In a world that changes every minute, self-improvement would be the most outstanding contribution you can make to your future. Growing your mastery, honing soft skills, and building a clear vision of your goals are the keys that may open any door to you. Though, not everyone is so fond of planning and goal-setting processes. Survey has found that almost 75% of adults don't have a particular life plan. So basically, most people prefer to go with the flow, like "the smaller expectations, the less frustrated you get.
"Still, if such an approach doesn't lead you to the rock bottom of your career, then just imagine which heights you can reach with the strategic plan! You may think that such planning relates only to corporations and huge companies because any unforeseen oversight could cost them millions. But why should you be different?
Lack of a clear plan can lead you to the point where you waste years of your life on the career path you've never chosen. In turn, personal strategic planning is a smart tool to help you achieve your bold ambitions. Meanwhile, you may avoid the extra fuss and years wasted finding yourself and go straight to results.
Today we're going to discover the essence of personal strategic planning - how it may help you pursue goals and keep the focus on what matters most. Dive in and build the strategy that will support you on your way to a flourishing career.
What is Personal Strategic Planning?
You may think that a personal strategic plan doesn't differ from the resolutions you set every New Year. Still, there's an enormous gap between them. These resolutions can be abstract, too distant from what you could actually achieve. They're more like utopian dreams, so no wonders only 16% of people fulfill them.
In turn, a personal strategic plan is like a step-by-step guide, easy to follow and helpful in times when you lose focus. It's a flexible set of your goals and tasks with precise time frames and steps for accomplishing them. Since it should be based on your strengths and weaknesses, this plan is more approachable, realistic, and actionable.
At the same time, a personal strategic plan is flexible - you can add new objectives or eliminate the old ones if they make little sense. It's not you living to fulfill the plan - the plan exists to meet your needs and support you on your way. Therefore, if you want to turn it into a tool, then make sure your strategic plan is:
Now, when you have a clear vision of personal strategic planning, let's figure out how to build your own strategy.
Five key elements of a personal strategic plan
Just putting your thoughts on a paper wouldn't work. A successful personal strategic plan consists of five essential elements - each of them contributes to the accomplishment of your ambitions. David Allen, a creator of the trending "Getting things done" method for staying productive, has described some of these elements (horizons) in his book.
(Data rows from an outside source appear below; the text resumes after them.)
theorem mainTheorem6:
  fixes lam :: real and y z py pz y' z' py' pz' :: "real \<Rightarrow> real"
  assumes lam: "0 < lam" "lam < 1"
    and D: "Dk (1 / sqrt lam) \<noteq> 0"
    and dy: "\<And>t. t \<in> {0..1} \<Longrightarrow> (y has_real_derivative y' t) (at t within {0..1})"
    and dz: "\<And>t. t \<in> {0..1} \<Longrightarrow> (z has_real_derivative z' t) (at t within {0..1})"
    and dpy: "\<And>t. t \<in> {0..1} \<Longrightarrow> (py has_real_derivative py' t) (at t within {0..1})"
    and dpz: "\<And>t. t \<in> {0..1} \<Longrightarrow> (pz has_real_derivative pz' t) (at t within {0..1})"
    and ode1: "\<And>t. t \<in> {0..1} \<Longrightarrow> lam * y' t = py t + pz t - lam * y t"
    and ode2: "\<And>t. t \<in> {0..1} \<Longrightarrow> lam * z' t = py t + pz t"
    and ode3: "\<And>t. t \<in> {0..1} \<Longrightarrow> py' t = py t - z t + 2 * y t"
    and ode4: "\<And>t. t \<in> {0..1} \<Longrightarrow> pz' t = z t - y t"
    and bc: "y 0 = 0" "z 0 = 0" "y 1 = 0" "z 1 = 1"
  shows "(\<exists>!(a, b, c, d). ansatz_bc (1 / sqrt lam) a b c d) \<and>
         (\<forall>a b c d. ansatz_bc (1 / sqrt lam) a b c d \<longrightarrow>
            (\<forall>t\<in>{0..1}. z t - y t = ansatz (1 / sqrt lam) a b c d t))"
proof -
  interpret regularized_pontryagin lam y z py pz y' z' py' pz'
    using lam(1) dy dz dpy dpz ode1 ode2 ode3 ode4 by unfold_locales
  obtain a b c d where eq: "\<forall>t\<in>{0..1}. z t - y t = ansatz (1 / sqrt lam) a b c d t"
    using difference_eq_ansatz[OF lam(2)] .
  have bc_abcd: "ansatz_bc (1 / sqrt lam) a b c d"
    using ansatz_bc_if_eq_on_unit_interval[OF eq difference_has_real_derivative] bc by simp
  show ?thesis
  proof (intro conjI allI impI)
    show "\<exists>!(a, b, c, d). ansatz_bc (1 / sqrt lam) a b c d"
      using ex1_ansatz_bc[OF D bc_abcd] .
    fix a' b' c' d' assume "ansatz_bc (1 / sqrt lam) a' b' c' d'"
    from ansatz_bc_unique[OF D this bc_abcd] eq
    show "\<forall>t\<in>{0..1}. z t - y t = ansatz (1 / sqrt lam) a' b' c' d' t" by simp
  qed
qed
Our overview offers a complete step-by-step path to creating your personal strategic plan. Take a closer look at it.
Personal purpose statement
Most of us have a bigger picture of our future - someone imagines a successful career, others want to build a million-worth business. Set clearly who you want to be in your career and personal life. This statement reflects your core values and motto. It serves as a final stop on your path - at least for the following years. By confirming your personal mission statement, you'll find it easier to make decisions and decline the offers that won't help you achieve your goal.
What would your life be like if you never had a personal mission statement? Here are some of the things that could happen. You may get stuck in jobs you don't enjoy. You could find yourself lonely and thinking about what other people think of you. You may take extra tasks that will eventually lead you to burnout. If you prefer to stop wasting your time on useless things, clear out your personal purpose statement and always keep it in mind when making decisions.
Personal action vision: long-term objectives
When you know your ultimate goal and keep in mind your ultimate purpose, it's time to build the vision of your actions for the long-term objections. Whether you want to become a top manager in your company or change a field, you need a plan to follow. Remember that the steps you describe should cover a bigger goal and still be flexible. So write down what you need to learn, which habits to develop, and what you may lose in the process.
It's always a marvelous idea to find mentors when considering the next steps in your life. Mentors act as role models and are people you admire from afar. They often have deep knowledge that can help you chart a better path for yourself. Such people usually consult other achievers - try to book one, and your investment will definitely pay off.
Personal action vision: short-term objectives
When building your personal strategy, the next step is to define your vision for the next few years. Here you should be more concrete and precise - write the steps in achieving your long-term objectives. So if you wanted to learn a new language, your following steps could be entering the language school or visiting personal lessons.
A crucial thing in building the short-term action vision is to verify your performance constantly. Ask yourself: "Do my actions actually help me move towards my goal?". If not, then you may change the approach or revise your long-term goal and check if it fits your ultimate purpose.
In this step, you should define how to perform your daily tasks to accomplish your goal. For example, you need to be persistent, hungry for knowledge and stick to the time frames if you want to change your profession. In turn, honing your soft skills and spending more time with your colleagues could be helpful if you want a promotion to a manager or HR position.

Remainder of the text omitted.